Unlike the ricotta forte of Puglia, prepared laboriously, asking that the fresh cheese be left to drain off its opaline waters and to acidify, the dry cheese to then be kneaded, worked each third or fourth day for at least two months until it takes on a burnt ivory sort of color and its perfumes come up stinging, pungent, this version is prepared in moments. Yielding a condiment less punishing in its aromas, the Calabrian ricotta forte is still of an assertive and keen savor, which when smoothed over warm, crusty bread, glorifies the richness of spiced sausages and salame presented as antipasto. A few dollops of it, thinned with drops of pasta cooking water and tossed with bucatini or spaghetti, make a fine dish. Tucked away in a crock in the refrigerator for a week or so, the vigor of ricotta forte ripens and intensifies.

Pomodori alla Brace

A humble prescript that flaunts the goodness of summer tomatoes, that asks their roasting over wood, concentrating, ennobling their sweet juices. Propped, then, on crusty seats of bread with a gloss of good green oil and the grace of basil and mint, they soothe hungers for purity.

Torta di Riso Nero

Riso nero—black rice—is the dramatic name for a nursery dish offered to children as a light supper or as a sweet after a bit of broth or soup.
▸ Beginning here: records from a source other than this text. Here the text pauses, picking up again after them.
lemma rot_state_simps [simp]:
  "pos (rot_state a b t z) = plane_rot a b t (pos z)"
  "mom (rot_state a b t z) = plane_rot a b t (mom z)"
  "spin (rot_state a b t z) = plane_rot a b t (spin z)"
  by (simp_all add: rot_state_def pos_def mom_def spin_def)

lemma rot_state_Gamma: "a \<noteq> b \<Longrightarrow> z \<in> Gamma S \<Longrightarrow> rot_state a b t z \<in> Gamma S"
  by (simp add: Gamma_def plane_rot_norm)

lemma rot_state_0 [simp]: "rot_state a b 0 z = z"
  by (simp add: rot_state_def pos_def mom_def spin_def)

lemma has_derivative_rot_state:
  assumes "a \<noteq> b"
  shows "((\<lambda>t. rot_state a b t z) has_derivative (\<lambda>h. h *\<^sub>R
           (rot_generator a b (pos (rot_state a b t z)), rot_generator a b (mom (rot_state a b t z)),
            rot_generator a b (spin (rot_state a b t z))))) (at t)"
  unfolding rot_state_simps unfolding rot_state_def
  by (auto intro!: derivative_eq_intros has_derivative_plane_rot[OF assms])

lemma translation_invariant:
  assumes dA: "\<forall>z\<in>U. (A has_derivative A' z) (at z)" and GU: "Gamma S \<subseteq> U"
    and gen: "\<forall>z\<in>Gamma S. \<forall>v. A' z (v, 0, 0) = 0" and z: "z \<in> Gamma S"
  shows "A z = A (0, mom z, spin z)"
proof -
  define w where "w t = (t *\<^sub>R pos z, mom z, spin z)" for t
  have w: "w t \<in> Gamma S" for t
    using z by (simp add: w_def Gamma_def spin_def)
  have "((\<lambda>t. A (w t)) has_derivative (\<lambda>h. A' (w t) (h *\<^sub>R pos z, 0, 0))) (at t)" for t
  proof -
    have "(w has_derivative (\<lambda>h. (h *\<^sub>R pos z, 0, 0))) (at t)"
      unfolding w_def by (auto intro!: derivative_eq_intros simp: zero_prod_def)
    moreover have "(A has_derivative A' (w t)) (at (w t))"
      using dA GU w by blast
    ultimately show ?thesis
      using diff_chain_at by (auto simp: o_def)
  qed
  then have "((\<lambda>t. A (w t)) has_derivative (\<lambda>h. 0)) (at t within UNIV)" for t
    using gen w by simp
  then obtain c where "\<forall>t\<in>UNIV. A (w t) = c"
    using has_derivative_zero_constant[OF convex_UNIV] by blast
  then have "A (w 1) = A (w 0)" by simp
  then show ?thesis by (simp add: w_def pos_def mom_def spin_def)
qed

lemma rotation_equivariant:
  assumes dA: "\<forall>z\<in>U. (A has_derivative A' z) (at z)" and GU: "Gamma S \<subseteq> U"
    and gen: "\<forall>z\<in>Gamma S. A' z (rot_generator a b (pos z), rot_generator a b (mom z),
                                  rot_generator a b (spin z)) = rot_generator a b (A z)"
    and ab: "a \<noteq> b" and z: "z \<in> Gamma S"
  shows "A (rot_state a b t z) = plane_rot a b t (A z)"
proof -
  have "plane_rot a b t u \<bullet> A (rot_state a b t z) = u \<bullet> A z" for u
  proof -
    have "((\<lambda>t. plane_rot a b t u \<bullet> A (rot_state a b t z)) has_derivative (\<lambda>h. 0)) (at \<tau> within UNIV)"
      for \<tau>
    proof -
      define w where "w = rot_state a b \<tau> z"
      have w: "w \<in> Gamma S" using rot_state_Gamma[OF ab z] by (simp add: w_def)
      have dAw: "(A has_derivative A' w) (at w)" using dA GU w by blast
      have "((\<lambda>t. A (rot_state a b t z)) has_derivative (\<lambda>h. A' w (h *\<^sub>R
              (rot_generator a b (pos w), rot_generator a b (mom w), rot_generator a b (spin w))))) (at \<tau>)"
        using diff_chain_at[OF has_derivative_rot_state[OF ab] dAw[unfolded w_def]]
        by (simp add: o_def w_def)
      also have "(\<lambda>h. A' w (h *\<^sub>R (rot_generator a b (pos w), rot_generator a b (mom w),
                   rot_generator a b (spin w)))) = (\<lambda>h. h *\<^sub>R rot_generator a b (A w))"
        using gen w linear_scale[OF has_derivative_linear[OF dAw]] by auto
      finally have "((\<lambda>t. plane_rot a b t u \<bullet> A (rot_state a b t z)) has_derivative
          (\<lambda>h. h * (plane_rot a b \<tau> u \<bullet> rot_generator a b (A w)
                    + rot_generator a b (plane_rot a b \<tau> u) \<bullet> A w))) (at \<tau>)"
        using has_derivative_inner[OF has_derivative_plane_rot[OF ab]]
        by (fastforce simp: w_def algebra_simps)
      then show ?thesis
        using rot_generator_skew[of a b "plane_rot a b \<tau> u" "A w"] by (simp add: add.commute)
    qed
    then obtain c where "\<forall>t\<in>UNIV. plane_rot a b t u \<bullet> A (rot_state a b t z) = c"
      using has_derivative_zero_constant[OF convex_UNIV] by blast
    then show ?thesis by (metis UNIV_I plane_rot_0 rot_state_0)
  qed
  then have "x \<bullet> A (rot_state a b t z) = x \<bullet> plane_rot a b t (A z)" for x
    by (metis plane_rot_inverse[OF ab] plane_rot_inner[OF ab])
  then show ?thesis using vector_eq_ldot by blast
qed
It is most often just made with rice poached in milk that has been scented with cinnamon and mixed with a few shards of chocolate, the latter giving the dish its name as it melts and turns the rice a deep, dark color. Surely there are lovely similarities between it and pasta in nero della consolazione (page 118). Here I offer its comfort in a more adult version. The same prescriptions apply, though, as this is best presented after a light, reviving soup or, better, after no soup at all, so one can justify slipping one’s fork into the spiced, chocolate depths of a second or third piece of the sweet little pie.